Stored data entries:
section \<open>When is a product of two rotations a half-turn?\<close>

text \<open>For unit, non-parallel X and Y, the product rot (2a X) rot (2b Y) is the half-turn
  about the (unit) vector part of the corresponding quaternion product, as soon as its
  scalar part cos a cos b - (X.Y) sin a sin b vanishes.  Both sides are compared on the
  frame X, Y, X \<times> Y; each coefficient identity is a polynomial consequence of
  cos^2 + sin^2 = 1 and the hypothesis.\<close>
lemma half_turn_of_rotation_product:
  fixes X Y :: "real^3" and a b :: real
  assumes X: "norm X = 1" and Y: "norm Y = 1" and not_parallel: "\<bar>X \<bullet> Y\<bar> < 1"
    and cond: "cos a * cos b = (X \<bullet> Y) * sin a * sin b"
  defines "u \<equiv> (sin a * cos b) *\<^sub>R X + (cos a * sin b) *\<^sub>R Y + (sin a * sin b) *\<^sub>R cross3 X Y"
  shows "norm u = 1"
    and "u \<bullet> X = sin a * cos b + cos a * sin b * (X \<bullet> Y)"
    and "u \<bullet> Y = sin a * cos b * (X \<bullet> Y) + cos a * sin b"
    and "rot ((2 * a) *\<^sub>R X) \<circ> rot ((2 * b) *\<^sub>R Y) = rot (pi *\<^sub>R u)"
proof -
  define c Z where "c = X \<bullet> Y" and "Z = cross3 X Y"
  note frame_facts = unit_cross_frame[OF X Y, folded Z_def c_def]
  have XX: "X \<bullet> X = 1" and YY: "Y \<bullet> Y = 1" and YX: "Y \<bullet> X = c" and XYZ: "cross3 X Y = Z"
    using X Y by (simp_all add: norm_eq_1 c_def Z_def inner_commute)
  have frame: "X \<bullet> cross3 Y Z \<noteq> 0"
    using frame_facts(5,6) not_parallel abs_square_less_1[of c] by (simp add: c_def)
  have pyth: "(cos a)\<^sup>2 + (sin a)\<^sup>2 = 1" "(cos b)\<^sup>2 + (sin b)\<^sup>2 = 1" by simp_all
  have cond': "cos a * cos b = c * sin a * sin b" using cond by (simp add: c_def)
  have A: "rot ((2 * a) *\<^sub>R X) X = 1 *\<^sub>R X + 0 *\<^sub>R Y + 0 *\<^sub>R Z"
      "rot ((2 * a) *\<^sub>R X) Y = (2 * (sin a)\<^sup>2 * c) *\<^sub>R X + ((cos a)\<^sup>2 - (sin a)\<^sup>2) *\<^sub>R Y + (2 * sin a * cos a) *\<^sub>R Z"
      "rot ((2 * a) *\<^sub>R X) Z = (2 * sin a * cos a * c) *\<^sub>R X + (- 2 * sin a * cos a) *\<^sub>R Y + ((cos a)\<^sup>2 - (sin a)\<^sup>2) *\<^sub>R Z"
    by (simp_all add: rot_axis_fixed[OF X] rot_double_angle[OF X])
      (simp_all add: XYZ frame_facts c_def algebra_simps)
  have B: "rot ((2 * b) *\<^sub>R Y) X = ((cos b)\<^sup>2 - (sin b)\<^sup>2) *\<^sub>R X + (2 * (sin b)\<^sup>2 * c) *\<^sub>R Y + (- 2 * sin b * cos b) *\<^sub>R Z"
      "rot ((2 * b) *\<^sub>R Y) Y = 0 *\<^sub>R X + 1 *\<^sub>R Y + 0 *\<^sub>R Z"
      "rot ((2 * b) *\<^sub>R Y) Z = (2 * sin b * cos b) *\<^sub>R X + (- 2 * sin b * cos b * c) *\<^sub>R Y + ((cos b)\<^sup>2 - (sin b)\<^sup>2) *\<^sub>R Z"
    by (simp_all add: rot_axis_fixed[OF Y] rot_double_angle[OF Y])
      (simp_all add: XYZ frame_facts YX algebra_simps)
  have u: "u = (sin a * cos b) *\<^sub>R X + (cos a * sin b) *\<^sub>R Y + (sin a * sin b) *\<^sub>R Z"
    by (simp add: u_def Z_def)
  have uX: "u \<bullet> X = sin a * cos b + cos a * sin b * c" and uY: "u \<bullet> Y = sin a * cos b * c + cos a * sin b"
    and uZ: "u \<bullet> Z = sin a * sin b * (1 - c\<^sup>2)"
    by (simp_all add: u inner_add_left XX YY YX c_def frame_facts)
  then show "u \<bullet> X = sin a * cos b + cos a * sin b * (X \<bullet> Y)"
    and "u \<bullet> Y = sin a * cos b * (X \<bullet> Y) + cos a * sin b"
    by (simp_all add: c_def)
  have "u \<bullet> u = (sin a * cos b) * (u \<bullet> X) + (cos a * sin b) * (u \<bullet> Y) + (sin a * sin b) * (u \<bullet> Z)"
    by (subst (2) u) (simp add: inner_add_right inner_commute)
  also have "\<dots> = 1"
    unfolding uX uY uZ using pyth cond' by algebra
  finally show unit_u: "norm u = 1" by (simp add: norm_eq_1)
  have coefficientwise: "a1 *\<^sub>R X + b1 *\<^sub>R Y + d1 *\<^sub>R Z = a2 *\<^sub>R X + b2 *\<^sub>R Y + d2 *\<^sub>R Z"
    if "a1 = a2" "b1 = b2" "d1 = d2" for a1 b1 d1 a2 b2 d2
    using that by simp
  have "rot ((2 * a) *\<^sub>R X) (rot ((2 * b) *\<^sub>R Y) X) = rot (pi *\<^sub>R u) X"
    and "rot ((2 * a) *\<^sub>R X) (rot ((2 * b) *\<^sub>R Y) Y) = rot (pi *\<^sub>R u) Y"
    and "rot ((2 * a) *\<^sub>R X) (rot ((2 * b) *\<^sub>R Y) Z) = rot (pi *\<^sub>R u) Z"
    unfolding B linear_on_frame_combination[OF linear_rot A] half_turn_on_frame[OF unit_u u] uX uY uZ
    by (rule coefficientwise; insert pyth cond'; algebra)+
  then show "rot ((2 * a) *\<^sub>R X) \<circ> rot ((2 * b) *\<^sub>R Y) = rot (pi *\<^sub>R u)"
    by (intro linear_eq_on_frame[OF linear_compose[OF linear_rot linear_rot] linear_rot frame]) simp_all
qed

lemma axis_orthogonal:
  fixes u X Y :: "real^3"
  assumes "u \<bullet> X = s + r * (X \<bullet> Y)" and "u \<bullet> Y = s * (X \<bullet> Y) + r" and "s = \<kappa> * r"
  shows "u \<bullet> ((1 + \<kappa> * (X \<bullet> Y)) *\<^sub>R X - (\<kappa> + X \<bullet> Y) *\<^sub>R Y) = 0"
  using assms by (simp add: algebra_simps)

lemma rotation_products_are_half_turns:
  fixes X Y :: "real^3" and a b \<kappa> :: real
  assumes X: "norm X = 1" and Y: "norm Y = 1" and not_parallel: "\<bar>X \<bullet> Y\<bar> < 1"
    and cond: "cos a * cos b = (X \<bullet> Y) * sin a * sin b"
    and rel: "sin a * cos b = \<kappa> * cos a * sin b"
  defines "W \<equiv> (1 + \<kappa> * (X \<bullet> Y)) *\<^sub>R X - (\<kappa> + X \<bullet> Y) *\<^sub>R Y"
  shows "\<exists>u. norm u = 1 \<and> u \<bullet> W = 0 \<and> rot ((2 * a) *\<^sub>R X) \<circ> rot ((2 * b) *\<^sub>R Y) = rot (pi *\<^sub>R u)"
    and "\<exists>u. norm u = 1 \<and> u \<bullet> W = 0 \<and> rot ((2 * b) *\<^sub>R Y) \<circ> rot ((2 * a) *\<^sub>R X) = rot (pi *\<^sub>R u)"
proof -
  have "sin a * cos b = \<kappa> * (cos a * sin b)" using rel by simp
  note orth = axis_orthogonal[where X = X and Y = Y and s = "sin a * cos b" and r = "cos a * sin b",
      OF _ _ this, folded W_def]
  note AB = half_turn_of_rotation_product[OF X Y not_parallel cond]
  show "\<exists>u. norm u = 1 \<and> u \<bullet> W = 0 \<and> rot ((2 * a) *\<^sub>R X) \<circ> rot ((2 * b) *\<^sub>R Y) = rot (pi *\<^sub>R u)"
    using AB(1,4) orth[OF AB(2,3)] by blast
  have "\<bar>Y \<bullet> X\<bar> < 1" "cos b * cos a = (Y \<bullet> X) * sin b * sin a"
    using not_parallel cond by (simp_all add: inner_commute mult.commute mult.left_commute)
  then obtain u where u: "norm u = 1" "rot ((2 * b) *\<^sub>R Y) \<circ> rot ((2 * a) *\<^sub>R X) = rot (pi *\<^sub>R u)"
    and "u \<bullet> Y = sin b * cos a + cos b * sin a * (Y \<bullet> X)"
    and "u \<bullet> X = sin b * cos a * (Y \<bullet> X) + cos b * sin a"
    using half_turn_of_rotation_product[OF Y X] by blast
  then have "u \<bullet> X = sin a * cos b + cos a * sin b * (X \<bullet> Y)"
    and "u \<bullet> Y = sin a * cos b * (X \<bullet> Y) + cos a * sin b"
    by (simp_all add: inner_commute algebra_simps)
  then show "\<exists>u. norm u = 1 \<and> u \<bullet> W = 0 \<and> rot ((2 * b) *\<^sub>R Y) \<circ> rot ((2 * a) *\<^sub>R X) = rot (pi *\<^sub>R u)"
    using u orth by blast
qed

section \<open>The half angles of the two rotations\<close>

lemma half_angle_of_arccos:
  assumes "- 1 \<le> y" "y \<le> 1"
  shows "(cos (arccos y / 2))\<^sup>2 = (1 + y) / 2" and "(sin (arccos y / 2))\<^sup>2 = (1 - y) / 2"
    and "0 \<le> cos (arccos y / 2)" and "0 \<le> sin (arccos y / 2)"
proof -
  let ?h = "arccos y / 2"
  have "y = 2 * (cos ?h)\<^sup>2 - 1" using cos_double_cos[of ?h] assms by simp
  then show "(cos ?h)\<^sup>2 = (1 + y) / 2" and "(sin ?h)\<^sup>2 = (1 - y) / 2"
    by (simp_all add: sin_squared_eq)
  have "0 \<le> ?h" "?h \<le> pi / 2" using arccos_lbound arccos_ubound assms by auto
  then show "0 \<le> cos ?h" "0 \<le> sin ?h" by (simp_all add: cos_ge_zero sin_ge_zero)
qed

text \<open>With a = tX/2 and b = tY/2 we have cos^2 a = c/(c+kappa), sin^2 a = kappa/(c+kappa),
  cos^2 b = kappa c/(1+kappa c) and sin^2 b = 1/(1+kappa c), all half angles lying in
  [0, pi/2].\<close>
lemma half_angle_relations:
  fixes c \<kappa> :: real
  assumes c: "0 \<le> c" "c \<le> 1" and \<kappa>: "0 \<le> \<kappa>" "\<kappa> \<le> 1" and pos: "0 < c + \<kappa>"
  defines "a \<equiv> arccos ((c - \<kappa>) / (c + \<kappa>)) / 2"
    and "b \<equiv> arccos (- (1 - \<kappa> * c) / (1 + \<kappa> * c)) / 2"
  shows "cos a * cos b = c * sin a * sin b" and "sin a * cos b = \<kappa> * cos a * sin b"
proof -
  have \<kappa>c: "0 \<le> \<kappa> * c" "\<kappa> * c \<le> 1" using c \<kappa> by (simp_all add: mult_le_one)
  have "- 1 \<le> (c - \<kappa>) / (c + \<kappa>)" "(c - \<kappa>) / (c + \<kappa>) \<le> 1"
    using c \<kappa> pos by (simp_all add: divide_simps)
  note A = half_angle_of_arccos[OF this, folded a_def]
  have "- 1 \<le> - (1 - \<kappa> * c) / (1 + \<kappa> * c)" "- (1 - \<kappa> * c) / (1 + \<kappa> * c) \<le> 1"
    using \<kappa>c by (simp_all add: divide_simps)
  note B = half_angle_of_arccos[OF this, folded b_def]
  have D: "c + \<kappa> \<noteq> 0" "1 + \<kappa> * c \<noteq> 0" using pos \<kappa>c by auto
  have ca: "(cos a)\<^sup>2 = c / (c + \<kappa>)" and sa: "(sin a)\<^sup>2 = \<kappa> / (c + \<kappa>)"
    using A(1,2) D by (simp_all add: field_simps)
  have cb: "(cos b)\<^sup>2 = \<kappa> * c / (1 + \<kappa> * c)" and sb: "(sin b)\<^sup>2 = 1 / (1 + \<kappa> * c)"
    using B(1,2) D by (simp_all add: field_simps)
  show "cos a * cos b = c * sin a * sin b"
  proof (rule power2_eq_imp_eq)
    show "(cos a * cos b)\<^sup>2 = (c * sin a * sin b)\<^sup>2"
      unfolding power_mult_distrib ca sa cb sb using D by (simp add: field_simps power2_eq_square)
  qed (use A B c in simp_all)
  show "sin a * cos b = \<kappa> * cos a * sin b"
  proof (rule power2_eq_imp_eq)
    show "(sin a * cos b)\<^sup>2 = (\<kappa> * cos a * sin b)\<^sup>2"
      unfolding power_mult_distrib ca sa cb sb using D by (simp add: field_simps power2_eq_square)
  qed (use A B \<kappa> in simp_all)
qed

◆ **WORK ITEM**
Which lines in the data above hold the string "auto"? Return each of them.

◆ **SOLUTION FOR THIS PROBLEM**
  have "0 \<le> ?h" "?h \<le> pi / 2" using arccos_lbound arccos_ubound assms by auto
  have D: "c + \<kappa> \<noteq> 0" "1 + \<kappa> * c \<noteq> 0" using pos \<kappa>c by auto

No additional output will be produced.